lemma diagonal_gap_of_mixing_time_gap:
  assumes gap: "\<And>c. 0 < c \<Longrightarrow> filterlim (\<lambda>n. mixing_time n \<epsilon> * cutoff_eigenvalue n c) at_top sequentially"
    and \<epsilon>: "0 < \<epsilon>" and c: "0 < c"
  shows "filterlim (\<lambda>n. tau n c * cutoff_eigenvalue n c) at_top sequentially"
proof -
  define c\<^sub>0 where "c\<^sub>0 = min c (\<epsilon>\<^sup>2 / 4)"
  have c\<^sub>0: "0 < c\<^sub>0" "c\<^sub>0 \<le> c" "c\<^sub>0 \<le> \<epsilon>\<^sup>2 / 4"
    using c \<epsilon> by (auto simp: c\<^sub>0_def)
  have "filterlim (\<lambda>n. tau n c\<^sub>0 * cutoff_eigenvalue n c\<^sub>0) at_top sequentially"
    unfolding filterlim_at_top_ge[where c = 0]
  proof (intro allI impI)
    fix K :: real assume "0 \<le> K"
    obtain M where M: "1 \<le> M" "(2 + K) * exp (- 2 * M) \<le> \<epsilon>\<^sup>2 / 2"
      using exists_exp_decay_le[of "2 + K" "\<epsilon>\<^sup>2 / 2"] \<epsilon> \<open>0 \<le> K\<close> by auto
    have "\<forall>\<^sub>F n in sequentially. K + M < mixing_time n \<epsilon> * cutoff_eigenvalue n c\<^sub>0"
      using gap[OF c\<^sub>0(1)] by (simp add: filterlim_at_top_dense)
    then show "\<forall>\<^sub>F n in sequentially. K \<le> tau n c\<^sub>0 * cutoff_eigenvalue n c\<^sub>0"
      using eventually_mass_gt[of c\<^sub>0]
    proof eventually_elim
      case (elim n)
      show ?case
      proof (rule ccontr)
        assume "\<not> ?case"
        then have "mixing_time n \<epsilon> * cutoff_eigenvalue n c\<^sub>0 \<le> K + M"
          using c\<^sub>0 elim(2)
          by (intro spectral_profile.mixing_time_gap_le[OF profile _ _ c\<^sub>0(3) \<epsilon> M(1) _ M(2)]) auto
        then show False using elim(1) by linarith
      qed
    qed
  qed
  then show ?thesis
    using diagonal_gap_mono c\<^sub>0 by blast
qed
(* Let $c$ be the ellipse $x^2/a_c^2+y^2/b_c^2=1$, $a_c>b_c>0$, with numerical eccentricity $m=\sqrt{a_c^2-b_c^2}/a_c$, and let $\mathrm{sn},\mathrm{cn},\mathrm{dn}$ be the Jacobian elliptic functions and $K$ the complete elliptic integral of the first kind with modulus $m$. Then the mapping \[\mathbf Y:\ U\times V\to\mathbb R^2,\quad (\tilde u,\tilde v)\mapsto\left(-a_c\frac{\mathrm{sn}\,\tilde u\ \mathrm{dn}\,\tilde v}{\mathrm{cn}\,\tilde v},\ b_c\frac{\mathrm{cn}\,\tilde u}{\mathrm{cn}\,\tilde v}\right),\quad U=\{\tilde u: 0\le\tilde u<4K\},\ V=\{\tilde v: 0\le\tilde v<K\},\] is injective and parametrizes the exterior of $c$ in such a way that the curves $\tilde u=\text{const}$ are branches of hyperbolas confocal with $c$, the curves $\tilde v=\text{const}$ are ellipses confocal with $c$, and the curves $\tilde u\pm\tilde v=\text{const}$ are tangent lines of $c$.
   Context: Confocal conics of $c$: $\frac{x^2}{a_c^2+k}+\frac{y^2}{b_c^2+k}=1$, $k\in\mathbb R\setminus\{-a_c^2,-b_c^2\}$. Modulus convention: $\mathrm{sn}\,\tilde u=\sin\varphi$, $\mathrm{cn}\,\tilde u=\cos\varphi$ where $\tilde u=\int_0^\varphi(1-m^2\sin^2\psi)^{-1/2}d\psi$, $\mathrm{dn}=\sqrt{1-m^2\mathrm{sn}^2}$, $K=\int_0^{\pi/2}(1-m^2\sin^2\psi)^{-1/2}d\psi$. *)

theory Defs
  imports "HOL-Analysis.Analysis"
begin

definition ell_F :: "real \<Rightarrow> real \<Rightarrow> real" where
  "ell_F m \<phi> =
     (if 0 \<le> \<phi> then integral {0..\<phi>} (\<lambda>\<psi>. 1 / sqrt (1 - m\<^sup>2 * (sin \<psi>)\<^sup>2))
      else - integral {\<phi>..0} (\<lambda>\<psi>. 1 / sqrt (1 - m\<^sup>2 * (sin \<psi>)\<^sup>2)))"

definition jam :: "real \<Rightarrow> real \<Rightarrow> real" where
  "jam m u = (THE \<phi>. ell_F m \<phi> = u)"

definition jsn :: "real \<Rightarrow> real \<Rightarrow> real" where "jsn m u = sin (jam m u)"
definition jcn :: "real \<Rightarrow> real \<Rightarrow> real" where "jcn m u = cos (jam m u)"
definition jdn :: "real \<Rightarrow> real \<Rightarrow> real" where "jdn m u = sqrt (1 - m\<^sup>2 * (jsn m u)\<^sup>2)"
theorem lemma8:
  fixes k :: nat and attrs :: "nat list"
  assumes "k \<ge> 1"
    and "set attrs \<subseteq> {1..m k}"
    and "subtable (Tstar_rows k) (map (\<lambda>i. (i, 0)) attrs) \<noteq> {}"
  shows "r k (subtable (Tstar_rows k) (map (\<lambda>i. (i, 0)) attrs)) \<ge> max 1 (k - length attrs)"
proof -
  let ?E = "avoiding_ends k (set attrs)"
  have ne: "?E \<noteq> {}"
    using assms(3) unfolding subtable_Tstar_rows_zeros[OF assms(1,2)] avoiding_ends_def by blast
  then have "1 \<le> card ?E" using finite_avoiding_ends by (simp add: Suc_le_eq card_gt_0_iff)
  moreover have "k - length attrs \<le> card ?E"
  proof -
    have "card {i \<in> set attrs. layer i \<le> k} \<le> length attrs"
      by (rule order.trans[OF card_mono card_length]) auto
    then show ?thesis using card_avoiding_ends_ge[OF List.finite_set ne] by linarith
  qed
  ultimately show ?thesis by (simp add: r_subtable_Tstar_rows_zeros[OF assms(1,2)])
qed

end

═══

YOUR TASK
Go through the data and copy each line exactly as it was written.

EXERCISE SOLUTION
lemma diagonal_gap_of_mixing_time_gap:
  assumes gap: "\<And>c. 0 < c \<Longrightarrow> filterlim (\<lambda>n. mixing_time n \<epsilon> * cutoff_eigenvalue n c) at_top sequentially"
    and \<epsilon>: "0 < \<epsilon>" and c: "0 < c"
  shows "filterlim (\<lambda>n. tau n c * cutoff_eigenvalue n c) at_top sequentially"
proof -
  define c\<^sub>0 where "c\<^sub>0 = min c (\<epsilon>\<^sup>2 / 4)"
  have c\<^sub>0: "0 < c\<^sub>0" "c\<^sub>0 \<le> c" "c\<^sub>0 \<le> \<epsilon>\<^sup>2 / 4"
    using c \<epsilon> by (auto simp: c\<^sub>0_def)
  have "filterlim (\<lambda>n. tau n c\<^sub>0 * cutoff_eigenvalue n c\<^sub>0) at_top sequentially"
    unfolding filterlim_at_top_ge[where c = 0]
  proof (intro allI impI)
    fix K :: real assume "0 \<le> K"
    obtain M where M: "1 \<le> M" "(2 + K) * exp (- 2 * M) \<le> \<epsilon>\<^sup>2 / 2"
      using exists_exp_decay_le[of "2 + K" "\<epsilon>\<^sup>2 / 2"] \<epsilon> \<open>0 \<le> K\<close> by auto
    have "\<forall>\<^sub>F n in sequentially. K + M < mixing_time n \<epsilon> * cutoff_eigenvalue n c\<^sub>0"
      using gap[OF c\<^sub>0(1)] by (simp add: filterlim_at_top_dense)
    then show "\<forall>\<^sub>F n in sequentially. K \<le> tau n c\<^sub>0 * cutoff_eigenvalue n c\<^sub>0"
      using eventually_mass_gt[of c\<^sub>0]
    proof eventually_elim
      case (elim n)
      show ?case
      proof (rule ccontr)
        assume "\<not> ?case"
        then have "mixing_time n \<epsilon> * cutoff_eigenvalue n c\<^sub>0 \<le> K + M"
          using c\<^sub>0 elim(2)
          by (intro spectral_profile.mixing_time_gap_le[OF profile _ _ c\<^sub>0(3) \<epsilon> M(1) _ M(2)]) auto
        then show False using elim(1) by linarith
      qed
    qed
  qed
  then show ?thesis
    using diagonal_gap_mono c\<^sub>0 by blast
qed
(* Let $c$ be the ellipse $x^2/a_c^2+y^2/b_c^2=1$, $a_c>b_c>0$, with numerical eccentricity $m=\sqrt{a_c^2-b_c^2}/a_c$, and let $\mathrm{sn},\mathrm{cn},\mathrm{dn}$ be the Jacobian elliptic functions and $K$ the complete elliptic integral of the first kind with modulus $m$. Then the mapping \[\mathbf Y:\ U\times V\to\mathbb R^2,\quad (\tilde u,\tilde v)\mapsto\left(-a_c\frac{\mathrm{sn}\,\tilde u\ \mathrm{dn}\,\tilde v}{\mathrm{cn}\,\tilde v},\ b_c\frac{\mathrm{cn}\,\tilde u}{\mathrm{cn}\,\tilde v}\right),\quad U=\{\tilde u: 0\le\tilde u<4K\},\ V=\{\tilde v: 0\le\tilde v<K\},\] is injective and parametrizes the exterior of $c$ in such a way that the curves $\tilde u=\text{const}$ are branches of hyperbolas confocal with $c$, the curves $\tilde v=\text{const}$ are ellipses confocal with $c$, and the curves $\tilde u\pm\tilde v=\text{const}$ are tangent lines of $c$.
   Context: Confocal conics of $c$: $\frac{x^2}{a_c^2+k}+\frac{y^2}{b_c^2+k}=1$, $k\in\mathbb R\setminus\{-a_c^2,-b_c^2\}$. Modulus convention: $\mathrm{sn}\,\tilde u=\sin\varphi$, $\mathrm{cn}\,\tilde u=\cos\varphi$ where $\tilde u=\int_0^\varphi(1-m^2\sin^2\psi)^{-1/2}d\psi$, $\mathrm{dn}=\sqrt{1-m^2\mathrm{sn}^2}$, $K=\int_0^{\pi/2}(1-m^2\sin^2\psi)^{-1/2}d\psi$. *)

theory Defs
  imports "HOL-Analysis.Analysis"
begin

definition ell_F :: "real \<Rightarrow> real \<Rightarrow> real" where
  "ell_F m \<phi> =
     (if 0 \<le> \<phi> then integral {0..\<phi>} (\<lambda>\<psi>. 1 / sqrt (1 - m\<^sup>2 * (sin \<psi>)\<^sup>2))
      else - integral {\<phi>..0} (\<lambda>\<psi>. 1 / sqrt (1 - m\<^sup>2 * (sin \<psi>)\<^sup>2)))"

definition jam :: "real \<Rightarrow> real \<Rightarrow> real" where
  "jam m u = (THE \<phi>. ell_F m \<phi> = u)"

definition jsn :: "real \<Rightarrow> real \<Rightarrow> real" where "jsn m u = sin (jam m u)"
definition jcn :: "real \<Rightarrow> real \<Rightarrow> real" where "jcn m u = cos (jam m u)"
definition jdn :: "real \<Rightarrow> real \<Rightarrow> real" where "jdn m u = sqrt (1 - m\<^sup>2 * (jsn m u)\<^sup>2)"
theorem lemma8:
  fixes k :: nat and attrs :: "nat list"
  assumes "k \<ge> 1"
    and "set attrs \<subseteq> {1..m k}"
    and "subtable (Tstar_rows k) (map (\<lambda>i. (i, 0)) attrs) \<noteq> {}"
  shows "r k (subtable (Tstar_rows k) (map (\<lambda>i. (i, 0)) attrs)) \<ge> max 1 (k - length attrs)"
proof -
  let ?E = "avoiding_ends k (set attrs)"
  have ne: "?E \<noteq> {}"
    using assms(3) unfolding subtable_Tstar_rows_zeros[OF assms(1,2)] avoiding_ends_def by blast
  then have "1 \<le> card ?E" using finite_avoiding_ends by (simp add: Suc_le_eq card_gt_0_iff)
  moreover have "k - length attrs \<le> card ?E"
  proof -
    have "card {i \<in> set attrs. layer i \<le> k} \<le> length attrs"
      by (rule order.trans[OF card_mono card_length]) auto
    then show ?thesis using card_avoiding_ends_ge[OF List.finite_set ne] by linarith
  qed
  ultimately show ?thesis by (simp add: r_subtable_Tstar_rows_zeros[OF assms(1,2)])
qed

end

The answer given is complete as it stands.